Activity:
Set all of the entries down again precisely as they are written.

Material for this task:
(* Let $m\ge 2$ be even and let $\mathcal{X}$ be the $2^m$-QAM constellation, i.e. the Cartesian product of two $2^{m/2}$-PAM constellations (in-phase and quadrature), labeled by the binary reflected Gray mapping (the Cartesian product of binary reflected Gray mappings of the two PAM components), with $b_j(x)$ the $j$-th label bit of $x$. Consider the complex AWGN channel $Y=\sqrt{\mathsf{snr}}\,X+Z$, with $Z$ a zero-mean unit-variance circularly symmetric complex Gaussian. For bit distributions $P_{B_1},\dots,P_{B_m}$ on $\{0,1\}$, let the symbol $X$ have distribution $\prod_{j=1}^mP_{B_j}(b_j(x))$ on the points of the constellation, normalized (translated and scaled) so that $\mathbb{E}[X]=0$ and $\mathbb{E}[|X|^2]=1$. Define the shaped BICM capacity $$C_{\rm bicm}(\mathsf{snr})=\sup_{P_{B_1},\dots,P_{B_m}}\sum_{j=1}^m I(B_j;Y)$$ (mutual informations in nats). Then, as $\mathsf{snr}\to0$, $$C_{\rm bicm}(\mathsf{snr})=c_1\,\mathsf{snr}+c_2\,\mathsf{snr}^2+o(\mathsf{snr}^2)\quad\text{with } c_1=1,\ c_2=-\tfrac12,$$ i.e. BICM with shaping over QAM with binary reflected Gray mapping is first- and second-order optimal in the wideband regime.
   Context: The binary reflected Gray mapping for $k$ bits is built recursively from that for $k-1$ bits by prefixing 0 to the list of $(k-1)$-bit labels and prefixing 1 to the same list in reverse order. A scheme with rate expansion $R(\mathsf{snr})=c_1\mathsf{snr}+c_2\mathsf{snr}^2+o(\mathsf{snr}^2)$ is called first- and second-order optimal if $c_1=1$ and $c_2=-1/2$ (the coefficients of the Gaussian channel capacity $\log(1+\mathsf{snr})$). *)

theory Defs
  imports "HOL-Analysis.Analysis" "HOL-Library.Landau_Symbols"
begin

text \<open>List of k-bit labels; True encodes bit 1.  The (k+1)-bit list prefixes False to the
k-bit list and True to the reversed k-bit list.\<close>
fun brgc :: "nat \<Rightarrow> bool list list" where
  "brgc 0 = [[]]"
| "brgc (Suc k) = map (Cons False) (brgc k) @ map (Cons True) (rev (brgc k))"

definition pam_point :: "nat \<Rightarrow> nat \<Rightarrow> real" where
  "pam_point n i = 2 * real i - (2 ^ n - 1)"

definition qam_idx :: "nat \<Rightarrow> (nat \<times> nat) set" where
  "qam_idx n = {..<2 ^ n} \<times> {..<2 ^ n}"

definition qam_point :: "nat \<Rightarrow> nat \<times> nat \<Rightarrow> complex" where
  "qam_point n k = Complex (pam_point n (fst k)) (pam_point n (snd k))"

definition qam_label :: "nat \<Rightarrow> nat \<times> nat \<Rightarrow> bool list" where
  "qam_label n k = brgc n ! fst k @ brgc n ! snd k"

section \<open>Shaped input distribution (p j = P(B_j = 1)), normalisation\<close>

definition sym_prob :: "nat \<Rightarrow> (nat \<Rightarrow> real) \<Rightarrow> nat \<times> nat \<Rightarrow> real" where
  "sym_prob m p k = (\<Prod>j<m. if qam_label (m div 2) k ! j then p j else 1 - p j)"

definition sym_mean :: "nat \<Rightarrow> (nat \<Rightarrow> real) \<Rightarrow> complex" where
  "sym_mean m p = (\<Sum>k\<in>qam_idx (m div 2). of_real (sym_prob m p k) * qam_point (m div 2) k)"

definition sym_var :: "nat \<Rightarrow> (nat \<Rightarrow> real) \<Rightarrow> real" where
  "sym_var m p = (\<Sum>k\<in>qam_idx (m div 2). sym_prob m p k * (cmod (qam_point (m div 2) k - sym_mean m p))\<^sup>2)"

definition norm_point :: "nat \<Rightarrow> (nat \<Rightarrow> real) \<Rightarrow> nat \<times> nat \<Rightarrow> complex" where
  "norm_point m p k = (qam_point (m div 2) k - sym_mean m p) / of_real (sqrt (sym_var m p))"

definition shaping_ok :: "nat \<Rightarrow> (nat \<Rightarrow> real) \<Rightarrow> bool" where
  "shaping_ok m p \<longleftrightarrow> (\<forall>j<m. 0 \<le> p j \<and> p j \<le> 1) \<and> sym_var m p > 0"

definition gauss_c :: "complex \<Rightarrow> real" where
  "gauss_c z = exp (- (cmod z)\<^sup>2) / pi"

definition joint_dens :: "nat \<Rightarrow> (nat \<Rightarrow> real) \<Rightarrow> real \<Rightarrow> nat \<Rightarrow> bool \<Rightarrow> complex \<Rightarrow> real" where
  "joint_dens m p snr j b y =
     (\<Sum>k\<in>{k\<in>qam_idx (m div 2). qam_label (m div 2) k ! j = b}.
        sym_prob m p k * gauss_c (y - of_real (sqrt snr) * norm_point m p k))"

definition bit_prob :: "nat \<Rightarrow> (nat \<Rightarrow> real) \<Rightarrow> nat \<Rightarrow> bool \<Rightarrow> real" where
  "bit_prob m p j b = (\<Sum>k\<in>{k\<in>qam_idx (m div 2). qam_label (m div 2) k ! j = b}. sym_prob m p k)"

definition out_dens :: "nat \<Rightarrow> (nat \<Rightarrow> real) \<Rightarrow> real \<Rightarrow> complex \<Rightarrow> real" where
  "out_dens m p snr y =
     (\<Sum>k\<in>qam_idx (m div 2). sym_prob m p k * gauss_c (y - of_real (sqrt snr) * norm_point m p k))"

definition bit_mi :: "nat \<Rightarrow> (nat \<Rightarrow> real) \<Rightarrow> real \<Rightarrow> nat \<Rightarrow> real" where
  "bit_mi m p snr j =
     (\<Sum>b\<in>UNIV. \<integral>y. joint_dens m p snr j b y *
          ln (joint_dens m p snr j b y / (bit_prob m p j b * out_dens m p snr y)) \<partial>lborel)"

definition C_bicm :: "nat \<Rightarrow> real \<Rightarrow> real" where
  "C_bicm m snr = Sup ((\<lambda>p. \<Sum>j<m. bit_mi m p snr j) ` {p. shaping_ok m p})"

end

theory Submission
  imports Defs "HOL-Probability.Probability" "HOL-Real_Asymp.Real_Asymp"
begin

(* The shaped BICM capacity is squeezed between two bounds that agree up to O(snr^3).

   Upper bound: under any admissible shaping the label bits are independent, so pointwise in the
   output y the bitwise information densities add up to at most the symbol information density
   (Gibbs' inequality against the product of the bit posteriors).  Bounding the output entropy by
   that of a circular Gaussian of variance 1 + snr gives sum_j I(B_j;Y) <= ln (1 + snr).

   Lower bound: making the first bit of each PAM label fair and all other bits 0 puts mass 1/4 on
   each corner of the QAM square -- this is where the Gray labelling enters.  Then only those two
   bits carry information, each one a binary antipodal channel of amplitude sqrt (snr/2), and
   ln (cosh t) <= t^2/2 - t^4/12 + t^6/45 together with the Gaussian moments bounds each bit
   information from below by snr/2 - snr^2/4 - O(snr^3). *)

lemma measurable_Complex_pair [measurable]:
  "(\<lambda>x. Complex (fst x) (snd x)) \<in> measurable (lborel \<Otimes>\<^sub>M lborel) (borel :: complex measure)"
proof -
  have "(\<lambda>x. Complex (fst x) (snd x)) = (\<lambda>x. complex_of_real (fst x) + \<i> * complex_of_real (snd x))"
    by (auto simp: Complex_eq)
  then show ?thesis by simp
qed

Exercise result:
(* Let $m\ge 2$ be even and let $\mathcal{X}$ be the $2^m$-QAM constellation, i.e. the Cartesian product of two $2^{m/2}$-PAM constellations (in-phase and quadrature), labeled by the binary reflected Gray mapping (the Cartesian product of binary reflected Gray mappings of the two PAM components), with $b_j(x)$ the $j$-th label bit of $x$. Consider the complex AWGN channel $Y=\sqrt{\mathsf{snr}}\,X+Z$, with $Z$ a zero-mean unit-variance circularly symmetric complex Gaussian. For bit distributions $P_{B_1},\dots,P_{B_m}$ on $\{0,1\}$, let the symbol $X$ have distribution $\prod_{j=1}^mP_{B_j}(b_j(x))$ on the points of the constellation, normalized (translated and scaled) so that $\mathbb{E}[X]=0$ and $\mathbb{E}[|X|^2]=1$. Define the shaped BICM capacity $$C_{\rm bicm}(\mathsf{snr})=\sup_{P_{B_1},\dots,P_{B_m}}\sum_{j=1}^m I(B_j;Y)$$ (mutual informations in nats). Then, as $\mathsf{snr}\to0$, $$C_{\rm bicm}(\mathsf{snr})=c_1\,\mathsf{snr}+c_2\,\mathsf{snr}^2+o(\mathsf{snr}^2)\quad\text{with } c_1=1,\ c_2=-\tfrac12,$$ i.e. BICM with shaping over QAM with binary reflected Gray mapping is first- and second-order optimal in the wideband regime.
   Context: The binary reflected Gray mapping for $k$ bits is built recursively from that for $k-1$ bits by prefixing 0 to the list of $(k-1)$-bit labels and prefixing 1 to the same list in reverse order. A scheme with rate expansion $R(\mathsf{snr})=c_1\mathsf{snr}+c_2\mathsf{snr}^2+o(\mathsf{snr}^2)$ is called first- and second-order optimal if $c_1=1$ and $c_2=-1/2$ (the coefficients of the Gaussian channel capacity $\log(1+\mathsf{snr})$). *)

theory Defs
  imports "HOL-Analysis.Analysis" "HOL-Library.Landau_Symbols"
begin

text \<open>List of k-bit labels; True encodes bit 1.  The (k+1)-bit list prefixes False to the
k-bit list and True to the reversed k-bit list.\<close>
fun brgc :: "nat \<Rightarrow> bool list list" where
  "brgc 0 = [[]]"
| "brgc (Suc k) = map (Cons False) (brgc k) @ map (Cons True) (rev (brgc k))"

definition pam_point :: "nat \<Rightarrow> nat \<Rightarrow> real" where
  "pam_point n i = 2 * real i - (2 ^ n - 1)"

definition qam_idx :: "nat \<Rightarrow> (nat \<times> nat) set" where
  "qam_idx n = {..<2 ^ n} \<times> {..<2 ^ n}"

definition qam_point :: "nat \<Rightarrow> nat \<times> nat \<Rightarrow> complex" where
  "qam_point n k = Complex (pam_point n (fst k)) (pam_point n (snd k))"

definition qam_label :: "nat \<Rightarrow> nat \<times> nat \<Rightarrow> bool list" where
  "qam_label n k = brgc n ! fst k @ brgc n ! snd k"

section \<open>Shaped input distribution (p j = P(B_j = 1)), normalisation\<close>

definition sym_prob :: "nat \<Rightarrow> (nat \<Rightarrow> real) \<Rightarrow> nat \<times> nat \<Rightarrow> real" where
  "sym_prob m p k = (\<Prod>j<m. if qam_label (m div 2) k ! j then p j else 1 - p j)"

definition sym_mean :: "nat \<Rightarrow> (nat \<Rightarrow> real) \<Rightarrow> complex" where
  "sym_mean m p = (\<Sum>k\<in>qam_idx (m div 2). of_real (sym_prob m p k) * qam_point (m div 2) k)"

definition sym_var :: "nat \<Rightarrow> (nat \<Rightarrow> real) \<Rightarrow> real" where
  "sym_var m p = (\<Sum>k\<in>qam_idx (m div 2). sym_prob m p k * (cmod (qam_point (m div 2) k - sym_mean m p))\<^sup>2)"

definition norm_point :: "nat \<Rightarrow> (nat \<Rightarrow> real) \<Rightarrow> nat \<times> nat \<Rightarrow> complex" where
  "norm_point m p k = (qam_point (m div 2) k - sym_mean m p) / of_real (sqrt (sym_var m p))"

definition shaping_ok :: "nat \<Rightarrow> (nat \<Rightarrow> real) \<Rightarrow> bool" where
  "shaping_ok m p \<longleftrightarrow> (\<forall>j<m. 0 \<le> p j \<and> p j \<le> 1) \<and> sym_var m p > 0"

definition gauss_c :: "complex \<Rightarrow> real" where
  "gauss_c z = exp (- (cmod z)\<^sup>2) / pi"

definition joint_dens :: "nat \<Rightarrow> (nat \<Rightarrow> real) \<Rightarrow> real \<Rightarrow> nat \<Rightarrow> bool \<Rightarrow> complex \<Rightarrow> real" where
  "joint_dens m p snr j b y =
     (\<Sum>k\<in>{k\<in>qam_idx (m div 2). qam_label (m div 2) k ! j = b}.
        sym_prob m p k * gauss_c (y - of_real (sqrt snr) * norm_point m p k))"

definition bit_prob :: "nat \<Rightarrow> (nat \<Rightarrow> real) \<Rightarrow> nat \<Rightarrow> bool \<Rightarrow> real" where
  "bit_prob m p j b = (\<Sum>k\<in>{k\<in>qam_idx (m div 2). qam_label (m div 2) k ! j = b}. sym_prob m p k)"

definition out_dens :: "nat \<Rightarrow> (nat \<Rightarrow> real) \<Rightarrow> real \<Rightarrow> complex \<Rightarrow> real" where
  "out_dens m p snr y =
     (\<Sum>k\<in>qam_idx (m div 2). sym_prob m p k * gauss_c (y - of_real (sqrt snr) * norm_point m p k))"

definition bit_mi :: "nat \<Rightarrow> (nat \<Rightarrow> real) \<Rightarrow> real \<Rightarrow> nat \<Rightarrow> real" where
  "bit_mi m p snr j =
     (\<Sum>b\<in>UNIV. \<integral>y. joint_dens m p snr j b y *
          ln (joint_dens m p snr j b y / (bit_prob m p j b * out_dens m p snr y)) \<partial>lborel)"

definition C_bicm :: "nat \<Rightarrow> real \<Rightarrow> real" where
  "C_bicm m snr = Sup ((\<lambda>p. \<Sum>j<m. bit_mi m p snr j) ` {p. shaping_ok m p})"

end

theory Submission
  imports Defs "HOL-Probability.Probability" "HOL-Real_Asymp.Real_Asymp"
begin

(* The shaped BICM capacity is squeezed between two bounds that agree up to O(snr^3).

   Upper bound: under any admissible shaping the label bits are independent, so pointwise in the
   output y the bitwise information densities add up to at most the symbol information density
   (Gibbs' inequality against the product of the bit posteriors).  Bounding the output entropy by
   that of a circular Gaussian of variance 1 + snr gives sum_j I(B_j;Y) <= ln (1 + snr).

   Lower bound: making the first bit of each PAM label fair and all other bits 0 puts mass 1/4 on
   each corner of the QAM square -- this is where the Gray labelling enters.  Then only those two
   bits carry information, each one a binary antipodal channel of amplitude sqrt (snr/2), and
   ln (cosh t) <= t^2/2 - t^4/12 + t^6/45 together with the Gaussian moments bounds each bit
   information from below by snr/2 - snr^2/4 - O(snr^3). *)

lemma measurable_Complex_pair [measurable]:
  "(\<lambda>x. Complex (fst x) (snd x)) \<in> measurable (lborel \<Otimes>\<^sub>M lborel) (borel :: complex measure)"
proof -
  have "(\<lambda>x. Complex (fst x) (snd x)) = (\<lambda>x. complex_of_real (fst x) + \<i> * complex_of_real (snd x))"
    by (auto simp: Complex_eq)
  then show ?thesis by simp
qed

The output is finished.